In Nature this week, researchers from Columbia University analyzed 3D structures of protein-DNA complexes, learning that having arginine bind to narrow minor grooves is a "widely used mode for protein-DNA recognition." Seeing variability in DNA shape and electrostatic potential, they say, "is a general mechanism that enables proteins to use information in the minor groove." A News and Views story from Boston University's Tom Tullius adds perspective.

A collaboration between Korean and Michigan State University scientists took a look at genome evolution in Escherichia coli. Sequencing genomes sampled through 40,000 generations from a laboratory population of E. coli, they found "clock-like regularity" in genomic evolution. However, they also found that almost all of the mutations were beneficial – not neutral – and that, later, the population acquired hundreds of additional neutral mutations. The work suggests that "the coupling between genomic and adaptive evolution is complex and can be counterintuitive even in a constant environment," they write in the abstract.

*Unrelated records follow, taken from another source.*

lemma left_limit_point_xg_plus:
  assumes "a < 1" and "Fq a b c d > 0"
  obtains u where "xg_plus a b c d = complex_of_real u" and "left_limit_point a b c d u"
proof -
  have "Deltag a b c d > 0"
    unfolding Deltag_eq using assms(2) DeltaD_gt_c_square zero_le_power2[of c] by linarith
  moreover have "a \<noteq> 1"
    using assms(1) by simp
  ultimately obtain r1 r2 where roots: "xg_minus a b c d = complex_of_real r1"
    "xg_plus a b c d = complex_of_real r2" "r1 < r2" "g_poly a b c d r1 = 0" "g_poly a b c d r2 = 0"
    "\<And>x. (1 - a) * g_poly a b c d x < 0 \<longleftrightarrow> r1 < x \<and> x < r2"
    "\<And>x. (1 - a) * g_poly a b c d x \<le> 0 \<longleftrightarrow> r1 \<le> x \<and> x \<le> r2"
    "2 * (1 - a) * r1 - (b + c) \<noteq> 0" "2 * (1 - a) * r2 - (b + c) \<noteq> 0"
    using g_poly_roots by blast
  define z where "z = b / (2 - a)"
  have z: "(2 - a) * z = b" and "z < 0"
    using assms(1) b by (simp_all add: z_def divide_neg_pos)
  have "(2 - a) ^ 2 * g_poly a b c d z < 0"
    unfolding g_poly_at_z[OF z] using assms(2) by simp
  then have "(1 - a) * g_poly a b c d z < 0"
    using assms(1) by (simp add: mult_less_0_iff)
  then have z_between: "r1 < z" "z < r2"
    using roots(6) by auto
  have "(2 - a) ^ 2 * ((a * z + b) ^ 2 + 4 * (c * z + d)) > 0"
    unfolding disc_at_z[OF z] using assms(2) by simp
  then have "\<not> (a * z + b) ^ 2 + 4 * (c * z + d) \<le> 0"
    by (auto simp: zero_less_mult_iff)
  then have "z < xD_minus a b c d"
    unfolding disc_nonpos_iff using \<open>z < 0\<close> xA_pos xA_less_xD_plus by auto
  then have "b < (2 - a) * xD_minus a b c d"
    using z assms(1) by (metis diff_gt_0_iff_gt mult_strict_left_mono one_less_numeral_iff order.strict_trans
        semiring_norm(76))
  then have "4 * g_poly a b c d (xD_minus a b c d) > 0"
    unfolding g_poly_at_double_root[OF disc_xD_minus] by simp
  then have "(1 - a) * g_poly a b c d (xD_minus a b c d) > 0"
    using assms(1) by simp
  then have "\<not> (1 - a) * g_poly a b c d (xD_minus a b c d) \<le> 0"
    by linarith
  then have "r2 < xD_minus a b c d"
    using roots(7) z_between \<open>z < xD_minus a b c d\<close> by auto
  have "(1 - a) * g_poly a b c d 0 > 0"
    using g_poly_zero_pos assms(1) by simp
  then have "r2 < 0"
    using roots(7)[of 0] z_between \<open>z < 0\<close> by auto
  moreover have "b < (2 - a) * r2"
    using z z_between assms(1) by (metis diff_gt_0_iff_gt mult_strict_left_mono one_less_numeral_iff
        order.strict_trans semiring_norm(76))
  ultimately show ?thesis
    using roots \<open>r2 < xD_minus a b c d\<close>
    by (intro that[OF roots(2) g_root_left_limit_point]) auto
qed

lemma left_limit_point_xg_minus_a_eq_1:
  assumes "a = 1" and "Fq a b c d > 0"
  obtains u where "xg_minus a b c d = complex_of_real u" and "left_limit_point a b c d u"
proof -
  have F: "Fq a b c d = d + b * (b + c)"
    using assms(1) by (simp add: Fq_def power2_eq_square algebra_simps)
  have g: "g_poly a b c d x = - (b + c) * x - d" for x
    using assms(1) by (simp add: g_poly_def algebra_simps)
  have "b * (b + c) > 0"
    using assms(2) d F by linarith
  then have "b + c < 0"
    using b by (simp add: zero_less_mult_iff)
  define u where "u = - d / (b + c)"
  have root: "g_poly a b c d u = 0" and "u < 0"
    using \<open>b + c < 0\<close> d by (simp_all add: g u_def field_simps divide_neg_neg)
  have mono: "g_poly a b c d x < g_poly a b c d y \<longleftrightarrow> x < y" for x y
    unfolding g using \<open>b + c < 0\<close> by (simp add: mult_less_cancel_left_pos)
  have "0 \<le> 4 * g_poly a b c d (xD_minus a b c d)"
    unfolding g_poly_at_double_root[OF disc_xD_minus] by simp
  then have "u \<le> xD_minus a b c d"
    using mono[of "xD_minus a b c d" u] \<open>g_poly a b c d u = 0\<close> by linarith
  moreover have "g_poly a b c d b < 0"
    using assms(2) F unfolding g by (simp add: algebra_simps)
  then have "b < (2 - a) * u"
    using mono[of b u] \<open>g_poly a b c d u = 0\<close> assms(1) by simp
  moreover have "xg_minus a b c d = complex_of_real u"
    using assms(1) \<open>b + c < 0\<close> by (simp add: xg_minus_def u_def)
  ultimately show ?thesis
    using root \<open>u < 0\<close> \<open>b + c < 0\<close> assms(1)
    by (intro that g_root_left_limit_point) auto
qed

The November issue of Nature Genetics is out, and several papers showcase GWAS meta-analyses. Wellcome Trust Sanger Institute's Nicole Soranzo was one of several first authors on work that used a genome-wide meta-analysis of the HaemGen consortium to find, among other things, 22 loci that are associated with eight "clinically relevant hematological parameters, including hemoglobin levels, red and white blood cell counts, and platelet counts and volume." In other work, Santhi Ganesh of the NHGRI helped lead work that studied GWAS from the CHARGE Consortium and the HaemGen Consortium. In a meta-analysis, they found 23 loci to be significantly associated with six erythrocyte traits, "including hemoglobin concentration, hematocrit, mean corpuscular volume, mean corpuscular hemoglobin, mean corpuscular hemoglobin concentration, and red blood cell count."

Finally, another study appearing in Nature Genetics has found microduplications at chromosome 16p11.2 that are associated with schizophrenia. The researchers, led by senior author Jonathan Sebat at Cold Spring Harbor Laboratory, found the 16p11.2 microduplication to be associated with a 14.5-fold increased risk of schizophrenia while the "reciprocal microdeletion" at the same place was only associated with autism developmental disorders.